# Pokémon Tabletop RPG



## Hiesetsu (Aug 15, 2010)

*Pokémon Tabletop RPG*

Sorry if this is the wrong place for this but check this homebrew out.

http://1d4chan.org/wiki/Pokemon_Tabletop_Adventures

This is a Pokemon RPG that allows you to create a trainer and a team of Pokémon who behave like they would in the Anime. The rules are extensive, sensible, and allow just about any play style to be possible. Best part, it's in the beta with updates every Friday. You can do anything from a Gym leader run through, to an intense criminal investigation to... well, anything. I think it's also worth noting the trainer is very, very customizable.
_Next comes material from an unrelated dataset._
(* Let $d\ge1$, $X_1,\dots,X_{2d}$ the Heisenberg vector fields on $\mathbb{R}^{2d+1}$, $0<\lambda\le\Lambda$. Let $G:\mathbb{R}^{2d+1}\times\mathbb{R}\times\mathbb{R}^{2d+1}\times\mathcal{S}_{2d}\to\mathbb{R}$ satisfy $\mathcal{M}^-_{\lambda,\Lambda}(M-N)\le G(x,r,p,M)-G(x,r,p,N)\le\mathcal{M}^+_{\lambda,\Lambda}(M-N)$ for all $(x,r,p)$ and $M,N\in\mathcal{S}_{2d}$ with $N\ge0$. Let $A$ be an index set, $b^\alpha:\mathbb{R}^{2d+1}\to\mathbb{R}^{2d+1}$, $c^\alpha:\mathbb{R}^{2d+1}\to\mathbb{R}$ with $H_i(x,r,p)=\inf_\alpha\{c^\alpha(x)r-b^\alpha(x)\cdot p\}$, $H_s(x,r,p)=\sup_\alpha\{c^\alpha(x)r-b^\alpha(x)\cdot p\}$ finite, $b^\alpha$ locally Lipschitz uniformly in $\alpha$ (for every $R>0$ there is $K_R$ with $\sup_{|x|,|y|\le R,\alpha}|b^\alpha(x)-b^\alpha(y)|\le K_R|x-y|$), and $c^\alpha\ge0$ continuous on each ball uniformly in $\alpha$. Suppose there exist $\gamma_1,\dots,\gamma_{2d+1}\in\mathbb{R}$ with $\gamma_o:=\min_i\gamma_i>0$ such that $$\sup_\alpha b^\alpha(x)\cdot D\rho(x)\le-\sum_{i=1}^{2d+1}\gamma_ix_i\partial_i\rho(x)+o\Big(\frac1{\rho^3}\Big)\quad\text{as }\rho\to\infty.$$ (A) Assume $G(x,r,p,0)\ge H_i(x,r,p)$ for all $x,p\in\mathbb{R}^{2d+1}$, $r\in\mathbb{R}$, and let $u\in\mathrm{USC}(\mathbb{R}^{2d+1})$ be a viscosity subsolution of $G(x,u,Du,(D^2_{\mathbb{H}^d}u)^* )=0$ in $\mathbb{R}^{2d+1}$ with $\limsup_{|x|\to\infty}u/\log\rho\le0$. If either $c^\alpha\equiv0$ or $u\ge0$, then $u$ is constant. (B) Assume $G(x,r,p,0)\le H_s(x,r,p)$ for all $x,p,r$, and let $v\in\mathrm{LSC}(\mathbb{R}^{2d+1})$ be a viscosity supersolution of $G(x,v,Dv,(D^2_{\mathbb{H}^d}v)^* )=0$ with $\liminf_{|x|\to\infty}v/\log\rho\ge0$. If either $c^\alpha\equiv0$ or $v\le0$, then $v$ is constant.
   Context: Heisenberg vector fields: $X_i=\partial_i+2x_{i+d}\partial_{2d+1}$, $X_{i+d}=\partial_{i+d}-2x_i\partial_{2d+1}$, $i=1,\dots,d$. $x_H=(x_1,\dots,x_{2d})$, $\rho(x)=(|x_H|^4+x_{2d+1}^2)^{1/4}$ (homogeneous norm), $D\rho$ its Euclidean gradient. $Du$ is the Euclidean gradient, $(D^2_{\mathbb{H}^d}u)_{ij}=X_i(X_ju)$, $Y^*$ symmetrization; viscosity sense in Euclidean variables. Pucci operators on $\mathcal{S}_{2d}$: $\mathcal{M}^\pm_{\lambda,\Lambda}(M)=\sup/\inf\,\mathrm{Tr}(-AM)$ over symmetric $A$ with $\lambda|\xi|^2\le A\xi\cdot\xi\le\Lambda|\xi|^2$. *)

theory Defs
  imports "HOL-Analysis.Analysis"
begin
Certain classes of trainers can even aid their Pokémon in a fight. And not just, "Yeah, go get 'em, Pikachu!", like, "Hold 'em down while I punch him in the face!"

Also, you guys can do all this with each other, courtesy of a virtual tabletop. Only one I know of is Maptools, which appears to work really well and is free.

I apologize if this is old news or something, I just figured this is something you folks'd wanna know about.


----------



## Chief Zackrai (Aug 15, 2010)

*Re: Pokémon Tabletop RPG*

my brain just imploded, resurrected itself, then exploded.

That is so awesome!


----------



## Hiesetsu (Aug 15, 2010)

*Re: Pokémon Tabletop RPG*

I know, right?! I danced around my bathroom when I found out. Try not to read the GM thing, but read the first part of the Bestiary. Capabilities are AWESOME.


----------



## Tailsy (Aug 17, 2010)

*Re: Pokémon Tabletop RPG*

This is in the wrong section - moved to Advertising.


----------



## Guider (Aug 17, 2010)

*Re: Pokémon Tabletop RPG*

pokemon tabletop? never heard of it  worth checking out though whats the link?


----------



## Hiesetsu (Aug 17, 2010)

*Re: Pokémon Tabletop RPG*

@Jessie, Thank you.
@Guider, the link is the /tg/ wiki page for it. You can download the rules n' stuff. Google maptools if you wanna look at the virtual tabletop thing, which you can play over the internet with, if I wasn't clear.


----------